А внизу уже толпились люди. Косые струи дождя хлестали их лица, и зонтики были слабой защитой от водяного светопреставления. Из возбужденной толпы слышались возгласы:
— Женщина с маяка упала!
— Какой кошмар! Разбилась!
— Беременная!
— Она за мальчиком бежала. Я в кафе сидела и их видела!
— Мальчик маленький такой! На маяк полез! А она за ним!
— Должно быть, спасти хотела. И не удержалась. Скользко… Дождь…
— Мальчишка-то где? Как бы тоже не сорвался! Надо лезть за ним!
— Да вот же он! Целехонький! И даже не испугался!
Мы с Гошей преодолели высокие ступеньки и попали прямо в объятья добродушной на вид женщины, подхватившей моего сына на руки и завернувшей его в сухое полотенце, неизвестно откуда появившееся в этом насквозь промокшем мире. Я потрепала сыночка по спутанным волосам и засмеялась. Ничего не бойся, малыш! Мама с тобой! Ты вырастешь умненьким и развитым, уж я об этом позабочусь. Я тебя не покину и буду следовать за тобой добрым ангелом, оберегая от зла.
Я вижу всю твою жизнь так ярко и отчетливо, точно стою на вершине холма и смотрю на железнодорожное полотно, по которому идет поезд. Поезд — это ты, мой хороший. Пока что ты в самом начале пути, но перед тобой простирается прекрасная длинная дорога. Ты станешь детским писателем, напишешь много дивных книг, будешь любить и будешь любим, и вот тогда, когда стану тебе не нужна, я расправлю руки, взмахну ими, как крыльями, и, подхваченная воздушным потоком, устремлюсь к яркому свету, который так и притягивает меня к себе. Жизнь прекрасна, мой мальчик! Живи! Дыши полной грудью! И ничего не бойся! Ничего и никого! Но что это? Рядом с тобой какая-то женщина. Она держит тебя за руку, помогая преодолеть жизненные трудности и невзгоды. Ну-ка! Да это же я! Я?

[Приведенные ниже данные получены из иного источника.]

(* Under the setting, assumptions (A1)–(A2) and the algorithm PDAc-L described in the context, fix any $(x^\star,y^\star)\in\Omega$, let $J(x,y)=\mathcal L(x,y^\star)-\mathcal L(x^\star,y)$ and for $n\ge1$ define $$a_n=\frac{\psi}{\psi-1}\|z_{n+1}-x^\star\|^2+\frac1\beta\|y_{n-1}-y^\star\|^2+\omega\delta_{n-1}\|x_n-x_{n-1}\|^2,$$ $$b_n=-\frac{\tau_n\tau_{n-1}}{\xi}\|\theta_n\|^2+\frac1\beta\|y_n-y_{n-1}\|^2+\omega\delta_{n-1}\|x_n-x_{n-1}\|^2-2\tau_n\Phi_n^y.$$ Then for all $n\ge1$, $a_{n+1}+2\tau_nJ(x_n,y_n)\le a_n-b_n$.
   Context: Let $f:\mathbb{R}^p\to(-\infty,+\infty]$ and $g:\mathbb{R}^q\to(-\infty,+\infty]$ be proper closed convex functions; $f^*(y)=\sup_u\{\langle y,u\rangle-f(u)\}$ is the Fenchel conjugate, $\mathrm{dom}(h)=\{x:h(x)<+\infty\}$, and for $\lambda>0$, $\mathrm{Prox}_{\lambda h}(x)=\arg\min_u\{h(u)+\frac{1}{2\lambda}\|u-x\|^2\}$. Let $\Phi:\mathrm{dom}(g)\times\mathrm{dom}(f^* )\to\mathbb{R}$ be continuous and $\mathcal L(x,y)=g(x)+\Phi(x,y)-f^*(y)$. Let $\Omega$ be the set of $(x^\star,y^\star)\in\mathrm{dom}(g)\times\mathrm{dom}(f^* )$ with $-\nabla_x\Phi(x^\star,y^\star)\in\partial g(x^\star)$ and $\nabla_y\Phi(x^\star,y^\star)\in\partial f^*(y^\star)$. Assume: (A1) $\Omega\neq\emptyset$, $\mathrm{dom}(g)\times\mathrm{dom}(f^* )\subseteq\mathrm{dom}(\Phi)$, and $\mathcal L(x^\star,y^\star)$ is finite; (A2) for each $y\in\mathrm{dom}(f^* )$, $\Phi(\cdot,y)$ is convex and differentiable, for each $x\in\mathrm{dom}(g)$, $\Phi(x,\cdot)$ is concave and differentiable, and for all bounded $\mathcal X\subset\mathbb R^q$, $\mathcal Y\subset\mathbb R^p$ there exist $L_{yy},L_{xx}\ge 0$, $L_{xy}>0$ with $\|\nabla_y\Phi(x,y)-\nabla_y\Phi(x,\tilde y)\|\le L_{yy}\|y-\tilde y\|$ and $\|\nabla_x\Phi(x,y)-\nabla_x\Phi(\tilde x,\tilde y)\|\le L_{xx}\|x-\tilde x\|+L_{xy}\|y-\tilde y\|$ for all $x,\tilde x\in\mathcal X\cap\mathrm{dom}(g)$, $y,\tilde y\in\mathcal Y\cap\mathrm{dom}(f^* )$. Algorithm PDAc-L: choose $\psi\in(1,1+\sqrt3)$, $\xi>0$, $\varphi>1$ with $\omega:=2\psi-\xi-\frac{\psi^3\varphi}{1+\psi}>0$, $\tau_{\max}>0$, $\nu\in(0,1)$, $\mu\in(0,1)$, $\eta\in[0,1)$, an integer $M\ge1$, $\beta>0$, $x_0\in\mathrm{dom}(g)$, $y_0\in\mathrm{dom}(f^* )$, $\tau_0\in(0,\tau_{\max}]$; set $z_0=x_0$, $\delta_0=1$. For $n=1,2,\dots$: (1) $z_n=\frac{\psi-1}{\psi}x_{n-1}+\frac1\psi z_{n-1}$ and $x_n=\mathrm{Prox}_{\tau_{n-1}g}(z_n-\tau_{n-1}\nabla_x\Phi(x_{n-1},y_{n-1}))$. (2) Let $\tau=\min\{\varphi\tau_{n-1},\tau_{\max}\}$; set $\tau_n=\tau\mu^i$ and $y_n=\mathrm{Prox}_{\beta\tau_n f^*}(y_{n-1}+\beta\tau_n\nabla_y\Phi(x_n,y_{n-1}))$, where $i$ is the smallest nonnegative integer such that $\frac{\tau_n\tau_{n-1}}{\xi}\|\theta_n\|^2+2\tau_n\Phi_n^y\le\nu r_n+(1-\nu)c_n$, with $\theta_n=\nabla_x\Phi(x_n,y_n)-\nabla_x\Phi(x_{n-1},y_{n-1})$, $\Phi_n^y=\Phi(x_n,y_{n-1})+\langle\nabla_y\Phi(x_n,y_{n-1}),y_n-y_{n-1}\rangle-\Phi(x_n,y_n)$, $r_n=\omega\delta_{n-1}\|x_n-x_{n-1}\|^2+\frac1\beta\|y_n-y_{n-1}\|^2$, $c_n=\frac{\eta}{|\mathcal I_n|}\sum_{i\in\mathcal I_n}r_i$, $\mathcal I_n=\{n-1,n-2,\dots,\max\{n-M,1\}\}$ (the $r_i$ for $i<n$ being the values from earlier iterations; for $n=1$, $\mathcal I_1=\emptyset$ and $c_1:=0$). (3) $\delta_n=\tau_n/\tau_{n-1}$. *)

theory Defs
  imports "HOL-Analysis.Analysis"
begin

definition epigraph :: "('a \<Rightarrow> ereal) \<Rightarrow> ('a \<times> real) set" where
  "epigraph h = {(x, t). h x \<le> ereal t}"

definition proper_fun :: "('a \<Rightarrow> ereal) \<Rightarrow> bool" where
  "proper_fun h \<longleftrightarrow> (\<forall>x. h x \<noteq> -\<infinity>) \<and> (\<exists>x. h x < \<infinity>)"

definition closed_fun :: "('a::topological_space \<Rightarrow> ereal) \<Rightarrow> bool" where
  "closed_fun h \<longleftrightarrow> closed (epigraph h)"

definition convex_fun :: "('a::real_vector \<Rightarrow> ereal) \<Rightarrow> bool" where
  "convex_fun h \<longleftrightarrow> convex (epigraph h)"

definition edom :: "('a \<Rightarrow> ereal) \<Rightarrow> 'a set" where
  "edom h = {x. h x < \<infinity>}"

definition fconj :: "('a::real_inner \<Rightarrow> ereal) \<Rightarrow> 'a \<Rightarrow> ereal" where
  "fconj f y = (SUP u. ereal (y \<bullet> u) - f u)"

definition subdiff :: "('a::real_inner \<Rightarrow> ereal) \<Rightarrow> 'a \<Rightarrow> 'a set" where
  "subdiff h x = {v. h x < \<infinity> \<and> (\<forall>u. h x + ereal (v \<bullet> (u - x)) \<le> h u)}"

Острая боль пронзила тело. Ноги свело судорогой, руки кололи тысячи игл, сжатый в комок желудок подступал к горлу, а в голове гудел медный колокол. Сделав над собой титаническое усилие, я подняла пудовые веки и увидела сосредоточенное лицо пожилой женщины. Склонившись надо мной, она расправляла простыню, собираясь накрыть меня всю, с головой и ногами.
— Гошу увели от маяка? — прошелестела я пересохшими губами. — Он дома? Его переодели?
Женщина отшатнулась, испугавшись, но тут же взяла себя в руки и торопливо заговорила:
— Милая моя, да ты живая! А мы ведь думали, уже все. Лежи-лежи, я доктора позову!
Только теперь я обратила внимание, что на ней белый халат медсестры.
— Татьяна! — прокричала сестра в приоткрытую дверь. — Тань! Кликни Андрея Степановича! Скажи — Басаргина очнулась!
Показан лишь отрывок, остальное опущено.